*** Opening Data records ***

lemma monic_irreducible_int_poly_dvd:
  fixes P A :: "int poly" and w :: "'b::{field,ring_char_0}"
  assumes P_monic: "lead_coeff P = 1"
    and P_irred: "\<And>B C. P = B * C \<Longrightarrow> degree B = 0 \<or> degree C = 0"
    and P_root: "poly (map_poly of_int P) w = 0"
    and A_root: "poly (map_poly of_int A) w = 0"
  shows "P dvd A"
proof -
  obtain B where B: "B \<noteq> 0" "poly (map_poly of_int B) w = 0"
    and B_min: "\<And>R. R \<noteq> 0 \<Longrightarrow> poly (map_poly of_int R) w = 0 \<Longrightarrow> degree B \<le> degree R"
    using ex_has_least_nat[of "\<lambda>B. B \<noteq> 0 \<and> poly (map_poly of_int B) w = (0::'b)" P degree]
      P_monic P_root by (metis leading_coeff_0_iff zero_neq_one)
  have "degree P \<le> degree B"
    using int_poly_root_min_degree[OF P_monic P_irred P_root B B_min] .
  obtain Q R where div: "A = P * Q + R" and R: "R = 0 \<or> degree R < degree P"
    using monic_int_poly_divmod[OF P_monic] .
  have "R = A - P * Q"
    using div by simp
  then have "poly (map_poly of_int R) w = 0"
    by (simp add: map_poly_of_int_diff map_poly_of_int_mult P_root A_root)
  then have "R = 0"
    using R B_min \<open>degree P \<le> degree B\<close> by (meson leD order.strict_trans2)
  with div show ?thesis
    by simp
qed

lemma poly_eq_const_if_card_gt_degree:
  fixes D :: "'b::idom poly"
  assumes "finite X" and "degree D < card X" and "\<And>x. x \<in> X \<Longrightarrow> poly D x = c"
  shows "D = [:c:]"
proof (rule ccontr)
  assume "D \<noteq> [:c:]"
  then have E: "D - [:c:] \<noteq> 0"
    by simp
  have "card X \<le> card {x. poly (D - [:c:]) x = 0}"
    using assms(3) by (intro card_mono poly_roots_finite[OF E]) auto
  also have "\<dots> \<le> degree (D - [:c:])"
    by (rule card_poly_roots_bound[OF E])
  also have "\<dots> \<le> degree D"
    using degree_diff_le_max[of D "[:c:]"] by simp
  finally show False
    using assms(2) by simp
qed

lemma coeff_prod_linear_eval:
  fixes P :: "'i \<Rightarrow> int poly" and w :: "'b::comm_ring_1"
  assumes "finite I"
  shows "coeff (\<Prod>i\<in>I. [:- poly (map_poly of_int (P i)) w, 1:]) j
       = poly (map_poly of_int (coeff (\<Prod>i\<in>I. [:- P i, 1:]) j)) w"
  using assms
proof (induction I arbitrary: j rule: finite_induct)
  case empty
  then show ?case
    by (simp add: coeff_1)
next
  case (insert i I)
  have linear: "[:- c, 1:] * F = smult (- c) F + pCons 0 F" for c :: "'r::comm_ring_1" and F
    by (simp add: mult_pCons_left)
  show ?case
    using insert by (cases j) (simp_all add: linear coeff_pCons map_poly_of_int_add
        map_poly_of_int_mult map_poly_of_int_diff map_poly_of_int_diff[of 0, simplified])
qed

text \<open>For prime \<open>n\<close>, \<open>geom_poly n\<close> is the \<open>n\<close>-th cyclotomic polynomial.\<close>

definition geom_poly :: "nat \<Rightarrow> int poly" where
  "geom_poly n = (\<Sum>j<n. monom 1 j)"

lemma coeff_geom_poly: "coeff (geom_poly n) i = (if i < n then 1 else 0)"
  by (simp add: geom_poly_def coeff_sum coeff_monom)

*** Closing Data records ***

What you need to do
The records above must each be restated exactly as they stand.

Answer for this exercise
lemma monic_irreducible_int_poly_dvd:
  fixes P A :: "int poly" and w :: "'b::{field,ring_char_0}"
  assumes P_monic: "lead_coeff P = 1"
    and P_irred: "\<And>B C. P = B * C \<Longrightarrow> degree B = 0 \<or> degree C = 0"
    and P_root: "poly (map_poly of_int P) w = 0"
    and A_root: "poly (map_poly of_int A) w = 0"
  shows "P dvd A"
proof -
  obtain B where B: "B \<noteq> 0" "poly (map_poly of_int B) w = 0"
    and B_min: "\<And>R. R \<noteq> 0 \<Longrightarrow> poly (map_poly of_int R) w = 0 \<Longrightarrow> degree B \<le> degree R"
    using ex_has_least_nat[of "\<lambda>B. B \<noteq> 0 \<and> poly (map_poly of_int B) w = (0::'b)" P degree]
      P_monic P_root by (metis leading_coeff_0_iff zero_neq_one)
  have "degree P \<le> degree B"
    using int_poly_root_min_degree[OF P_monic P_irred P_root B B_min] .
  obtain Q R where div: "A = P * Q + R" and R: "R = 0 \<or> degree R < degree P"
    using monic_int_poly_divmod[OF P_monic] .
  have "R = A - P * Q"
    using div by simp
  then have "poly (map_poly of_int R) w = 0"
    by (simp add: map_poly_of_int_diff map_poly_of_int_mult P_root A_root)
  then have "R = 0"
    using R B_min \<open>degree P \<le> degree B\<close> by (meson leD order.strict_trans2)
  with div show ?thesis
    by simp
qed

lemma poly_eq_const_if_card_gt_degree:
  fixes D :: "'b::idom poly"
  assumes "finite X" and "degree D < card X" and "\<And>x. x \<in> X \<Longrightarrow> poly D x = c"
  shows "D = [:c:]"
proof (rule ccontr)
  assume "D \<noteq> [:c:]"
  then have E: "D - [:c:] \<noteq> 0"
    by simp
  have "card X \<le> card {x. poly (D - [:c:]) x = 0}"
    using assms(3) by (intro card_mono poly_roots_finite[OF E]) auto
  also have "\<dots> \<le> degree (D - [:c:])"
    by (rule card_poly_roots_bound[OF E])
  also have "\<dots> \<le> degree D"
    using degree_diff_le_max[of D "[:c:]"] by simp
  finally show False
    using assms(2) by simp
qed

lemma coeff_prod_linear_eval:
  fixes P :: "'i \<Rightarrow> int poly" and w :: "'b::comm_ring_1"
  assumes "finite I"
  shows "coeff (\<Prod>i\<in>I. [:- poly (map_poly of_int (P i)) w, 1:]) j
       = poly (map_poly of_int (coeff (\<Prod>i\<in>I. [:- P i, 1:]) j)) w"
  using assms
proof (induction I arbitrary: j rule: finite_induct)
  case empty
  then show ?case
    by (simp add: coeff_1)
next
  case (insert i I)
  have linear: "[:- c, 1:] * F = smult (- c) F + pCons 0 F" for c :: "'r::comm_ring_1" and F
    by (simp add: mult_pCons_left)
  show ?case
    using insert by (cases j) (simp_all add: linear coeff_pCons map_poly_of_int_add
        map_poly_of_int_mult map_poly_of_int_diff map_poly_of_int_diff[of 0, simplified])
qed

text \<open>For prime \<open>n\<close>, \<open>geom_poly n\<close> is the \<open>n\<close>-th cyclotomic polynomial.\<close>

definition geom_poly :: "nat \<Rightarrow> int poly" where
  "geom_poly n = (\<Sum>j<n. monom 1 j)"

lemma coeff_geom_poly: "coeff (geom_poly n) i = (if i < n then 1 else 0)"
  by (simp add: geom_poly_def coeff_sum coeff_monom)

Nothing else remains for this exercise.